Softmax function was used to normalize these weights.

$$\begin{aligned} a_i=soft\max \left( f(Q,K_i)\right) =\frac{\exp \left( f(Q,K_i)\right) }{\Sigma _j\exp \left( f(Q,K_j)\right) } \end{aligned}$$
(2)

Attention is obtained by the weighted sum of the weights and the corresponding key value.

$$\begin{aligned} Attention\left( Q,K,V\right) =\Sigma _{i}a_{i}V_{i} \end{aligned}$$
(3)

Positional information is immediately added to the input token of self-attention in positional encoding by APE (absolute positional encoding) and CPE (conditional positional encoding). Following that, it gets fed into the transformer block for the calculation of self-attention. APE and CPE act directly on the input and are for a specific size, so they are not suitable for images with different resolutions. Conversely, position encodings can be produced by RPE at any input resolution. Introducing a local inductive bias, LePE is incorporated into the self-attention branch as a parallel module. CSWinTransformer also uses a relative positional encoding (RPE), but it adds positional information to the calculation of attention. It considers imposing position information directly on the Value, and then adding the Value with position encoding and self-attention weighting together utilizing residual. APE and CPE are the position information introduced before feeding into the Transformer module, while RPE and LePE are operated in each Transformer module with higher flexibility and better effect. As shown in Fig. 3.SoftMax value is added by LePE, which operates directly on value. AttentionLePE is calculated as follows.

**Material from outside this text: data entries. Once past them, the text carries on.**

lemma far_subblocks_disjoint:
  assumes "far P Q"
  shows "block k (subcorner k c P) \<inter> block k (subcorner k c Q) = {}"
proof (rule equals0I)
  fix x assume "x \<in> block k (subcorner k c P) \<inter> block k (subcorner k c Q)"
  then have "fst c + fst P * scale k \<le> fst x" "fst x < fst c + fst P * scale k + 4 * scale k"
    "fst c + fst Q * scale k \<le> fst x" "fst x < fst c + fst Q * scale k + 4 * scale k"
    "snd c + snd P * scale k \<le> snd x" "snd x < snd c + snd P * scale k + 4 * scale k"
    "snd c + snd Q * scale k \<le> snd x" "snd x < snd c + snd Q * scale k + 4 * scale k"
    by (auto simp: block_def subcorner_def mem_Times_iff)
  then have close: "\<bar>fst P * scale k - fst Q * scale k\<bar> < 4 * scale k"
    "\<bar>snd P * scale k - snd Q * scale k\<bar> < 4 * scale k"
    unfolding abs_less_iff by linarith+
  have scaled: "4 * scale k \<le> \<bar>i * scale k - j * scale k\<bar>" if "3 < \<bar>i - j\<bar>" for i j
  proof -
    have "4 * scale k \<le> \<bar>i - j\<bar> * scale k"
      using that scale_ge_4[of k] by (intro mult_right_mono) auto
    also have "\<dots> = \<bar>i * scale k - j * scale k\<bar>"
      using scale_ge_4[of k] by (simp add: abs_mult left_diff_distrib[symmetric])
    finally show ?thesis .
  qed
  show False
  proof (cases "3 < \<bar>fst P - fst Q\<bar>")
    case True
    then show False using close(1) scaled[OF True] by (metis leD)
  next
    case False
    then have "3 < \<bar>snd P - snd Q\<bar>" using assms by (simp add: far_def)
    then show False using close(2) scaled[of "snd P" "snd Q"] by (metis leD)
  qed
qed

lemma core_subset_block: "core k c S \<subseteq> block k c"
proof (induction k arbitrary: c)
  case 0
  then show ?case by simp
next
  case (Suc k)
  show ?case
  proof
    fix x assume "x \<in> core (Suc k) c S"
    then obtain P where "P \<in> inner_indices" "x \<in> core k (subcorner k c P) S" by auto
    then show "x \<in> block (Suc k) c"
      using Suc.IH subblock_subset inner_subset_sub_indices by blast
  qed
qed

lemma finite_core: "finite (core k c S)"
  using finite_subset[OF core_subset_block finite_block] .

lemma bad_block_cong:
  assumes "S \<inter> block k c = S' \<inter> block k c"
  shows "bad_block k c S = bad_block k c S'"
  using assms
proof (induction k arbitrary: c)
  case 0
  then show ?case by auto
next
  case (Suc k)
  have "bad_block k (subcorner k c P) S = bad_block k (subcorner k c P) S'" if "P \<in> sub_indices" for P
    using Suc.IH Suc.prems subblock_subset[OF that] by blast
  then show ?case by auto
qed

lemma good_of_far_subblocks:
  assumes "\<not> bad_block (Suc k) c S" "P \<in> sub_indices" "Q \<in> sub_indices" "far P Q"
  shows "\<not> bad_block k (subcorner k c P) S \<or> \<not> bad_block k (subcorner k c Q) S"
  using assms unfolding bad_block.simps by blast

lemma two_far_good_subblocks:
  assumes "\<not> bad_block (Suc k) c S"
  obtains P Q where "P \<in> inner_indices" "Q \<in> inner_indices" "far P Q"
    "\<not> bad_block k (subcorner k c P) S" "\<not> bad_block k (subcorner k c Q) S"
proof -
  have indices: "(2, 2) \<in> inner_indices" "(6, 2) \<in> inner_indices" "(10, 2) \<in> inner_indices"
    and far: "far (2, 2) (6, 2)" "far (2, 2) (10, 2)" "far (6, 2) (10, 2)"
    by (auto simp: inner_indices_def far_def)
  have good: "\<not> bad_block k (subcorner k c P) S \<or> \<not> bad_block k (subcorner k c Q) S"
    if "P \<in> inner_indices" "Q \<in> inner_indices" "far P Q" for P Q
    using good_of_far_subblocks[OF assms] that inner_subset_sub_indices by blast
  show ?thesis
  proof (cases "bad_block k (subcorner k c (2, 2)) S")
    case True
    then show ?thesis
      using that[OF indices(2,3) far(3)] good[OF indices(1,2) far(1)] good[OF indices(1,3) far(2)]
      by blast
  next
    case False
    then show ?thesis
      using that[OF indices(1,2) far(1)] that[OF indices(1,3) far(2)] good[OF indices(2,3) far(3)]
      by blast
  qed
qed

lemma card_core:
  assumes "\<not> bad_block k c S"
  shows "2 ^ k \<le> card (core k c S)"
  using assms
proof (induction k arbitrary: c)
  case 0
  then show ?case
    using card_block_0[of c] by simp
next
  case (Suc k)
  obtain P Q where PQ: "P \<in> inner_indices" "Q \<in> inner_indices" "far P Q"
    "\<not> bad_block k (subcorner k c P) S" "\<not> bad_block k (subcorner k c Q) S"
    using two_far_good_subblocks[OF Suc.prems] .
  have disjoint: "core k (subcorner k c P) S \<inter> core k (subcorner k c Q) S = {}"
    using far_subblocks_disjoint[OF PQ(3)] core_subset_block by blast
  have "2 ^ Suc k \<le> card (core k (subcorner k c P) S) + card (core k (subcorner k c Q) S)"
    using Suc.IH[OF PQ(4)] Suc.IH[OF PQ(5)] by simp
  also have "\<dots> = card (core k (subcorner k c P) S \<union> core k (subcorner k c Q) S)"
    using disjoint by (simp add: card_Un_disjoint finite_core)
  also have "\<dots> \<le> card (core (Suc k) c S)"
    using PQ by (intro card_mono finite_core) auto
  finally show ?case .
qed

lemma core_nonempty: "\<not> bad_block k c S \<Longrightarrow> core k c S \<noteq> {}"
  using card_core[of k c S] by force

lemma good_subblock_core_subset:
  "P \<in> inner_indices \<Longrightarrow> \<not> bad_block k (subcorner k c P) S \<Longrightarrow>
    core k (subcorner k c P) S \<subseteq> core (Suc k) c S"
  by auto

text \<open>\<open>ax d 0\<close> is the offset \<open>d\<close> along the first axis (\<open>ax = Pair\<close>) or the second one.\<close>

lemma cores_of_aligned_good_blocks_meet:
  assumes axis: "ax \<in> {Pair, \<lambda>i j. (j, i)}" and "\<bar>d\<bar> \<le> 2"
    and good: "\<not> bad_block k c S" "\<not> bad_block k (subcorner k c (ax d 0)) S"
  shows "core k c S \<inter> core k (subcorner k c (ax d 0)) S \<noteq> {}"
proof (cases k)
  case 0
  have "subcorner k c (ax d 0) \<in> block 0 c \<or> c \<in> block 0 (subcorner k c (ax d 0))"
    using axis \<open>\<bar>d\<bar> \<le> 2\<close> 0 by (cases "0 \<le> d") (auto simp: block_def subcorner_def scale_def mem_Times_iff)
  then show ?thesis
    using 0 corner_in_block[of c 0] corner_in_block[of "subcorner k c (ax d 0)" 0] by auto
next
  case (Suc m)
  \<comment> \<open>Sub-block \<open>ax i j\<close> of the first block is sub-block \<open>ax (i - 4 d) j\<close> of the second;
    one of the far rows \<open>j = 2, 6\<close> is good.\<close>
  define i where "i = (if 0 \<le> d then 2 + 4 * d else 2)"
  have "d \<in> {-2, -1, 0, 1, 2}" using \<open>\<bar>d\<bar> \<le> 2\<close> by auto
  then have i: "i \<in> {2, 6, 10}" "i - 4 * d \<in> {2, 6, 10}" by (auto simp: i_def)
  have "ax i 2 \<in> sub_indices" "ax i 6 \<in> sub_indices" "far (ax i 2) (ax i 6)"
    using axis i by (auto simp: sub_indices_def far_def)
  then obtain j where j: "j \<in> {2, 6}" "\<not> bad_block m (subcorner m c (ax i j)) S"
    using good_of_far_subblocks good(1) Suc by blast
  have inner: "ax i j \<in> inner_indices" "ax (i - 4 * d) j \<in> inner_indices"
    using axis i j by (auto simp: inner_indices_def)
  define c' where "c' = subcorner k c (ax d 0)"
  have same: "subcorner m c' (ax (i - 4 * d) j) = subcorner m c (ax i j)"
    using axis Suc by (auto simp: c'_def subcorner_def scale_Suc algebra_simps)
  have "core m (subcorner m c (ax i j)) S \<subseteq> core k c S"
    using good_subblock_core_subset[OF inner(1)] j unfolding Suc by simp
  moreover have "core m (subcorner m c (ax i j)) S \<subseteq> core k c' S"
    using good_subblock_core_subset[OF inner(2), of m c' S] j unfolding same Suc by simp
  moreover have "core m (subcorner m c (ax i j)) S \<noteq> {}"
    using core_nonempty j by blast
  ultimately have "core k c S \<inter> core k c' S \<noteq> {}" by blast
  then show ?thesis by (simp add: c'_def)
qed

text \<open>Steps of length 2 let a path of good sub-blocks jump over a bad row or column.\<close>

definition hop :: "(int \<times> int) set \<Rightarrow> int \<times> int \<Rightarrow> int \<times> int \<Rightarrow> bool" where
  "hop B P Q \<longleftrightarrow> P \<in> sub_indices - B \<and> Q \<in> sub_indices - B \<and>
     (fst P = fst Q \<and> \<bar>snd P - snd Q\<bar> \<le> 2 \<or> snd P = snd Q \<and> \<bar>fst P - fst Q\<bar> \<le> 2)"

lemma symp_hop: "symp (hop B)"
  by (auto simp: symp_def hop_def abs_minus_commute)

lemma clustered_avoids_one_of_far_lines:
  assumes "\<forall>P\<in>B. \<forall>Q\<in>B. \<not> far P Q" and "3 < \<bar>a - b\<bar>"
  shows "(\<forall>Q\<in>B. fst Q \<noteq> a) \<or> (\<forall>Q\<in>B. fst Q \<noteq> b)"
    and "(\<forall>Q\<in>B. snd Q \<noteq> a) \<or> (\<forall>Q\<in>B. snd Q \<noteq> b)"
  using assms unfolding far_def by blast+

$$\begin{aligned} Attention(Q,K,V)=SoftMax\Big (QK^{T}/\sqrt{d}\Big )+DWConv(V) \end{aligned}$$
(4)
Figure 2
figure 2

Structure of AttentionLePEC3.

Figure 3
figure 3

Comparison of the various positional encoding methods: LePE, APE, and CPE.

Figure 4
figure 4

Space-to-depth processing.

Space-to-depth module

A non-strided convolutional layer with a Space-to-depth18 (SPD)layer makes up Space-to-depth.\(S\times S\times C_1\)Size of the feature map \(\text {X}\), slice out the subfeature map as:

$$\begin{aligned} \begin{aligned}f_{0,0}=X[0:S:scale,0:scale],f_{1,0}=X[1:S:scale,0:S:scale],...,\\ f_{scale-1,0}=X[scale-1{:}S{:}scale,0{:}S{:}scale];\\ f_{0,1}=X[0{:}S{:}scale,1{:}S{:}scale],f_{1,1},...,\\ f_{scale\text {\textit{ }}-1,1}=X[scale\text {\textit{ }}-1{:}S{:}scale,1{:}S{:}scale];\\ f_{0,scale\text {\textit{ }}-1}=X[0:S{:}scale,scale-1{:}S{:}scale],f_{1,scale{-1}},...,\\ f_{scale\text {\textit{ }}-1,scale\text {\textit{ }}-1}=X[scale-1:S{:}scale,scale-1{:}S{:}scale]\end{aligned}\end{aligned}$$
(5)

Generally speaking, given any feature map \(\text {X}\), a sub-map \(f_{x,y}\) is formed by all the entries \(X_{(i,j)}\) that \(\text {i+x}\) and are divisible by scale. Consequently,\(\text {X}\) is downsampled by a scale factor in each sub-map. Figure 4 gives an example when scale = 2, where we obtain four sub-maps \(f_{0,0},f_{1,0},f_{1,1},f_{0,1}\) each of which is of shape \((S/2,S/2,C_1)\) and downsamples \(\text {X}\) by a factor of 2. Following the layer of SPD feature transformation, we add a non-strided convolution layer with \(C_{2}\) filters where \(C_2.\quad <\quad scale^2C_1\),And further transforms \(X'\Big (\frac{S}{scale},\frac{S}{scale},scale^2C_1\Big )\rightarrow X''\Big (\frac{S}{scale},\frac{S}{scale},C_2\Big )\).As far as feasible, preserve all information related to discriminative features.

Figure 5
figure 5

Bottom Focus-PAN structure.

Bottom focus-PAN

Bottom Focus-PAN integrates contextual information and is a top-down structure that fuses feature maps from lower and higher layers. This is shown in Fig. 5. A More full utilization of the shallow feature map, which is richer in small object features. The structure can obtain 4 ×, 8 ×, and 16 × subsampled feature maps, and the input image pixels are 640*640, of which four times subsampled is 160*160 pixels. Low-resolution images lose details of object features. Bottom Focus-PAN makes full use of shallow feature maps for feature fusion to supplement rich small object feature details to the feature map. It improves the phenomenon of insufficient semantic information about objects and the inability to detect small objects in complex backgrounds.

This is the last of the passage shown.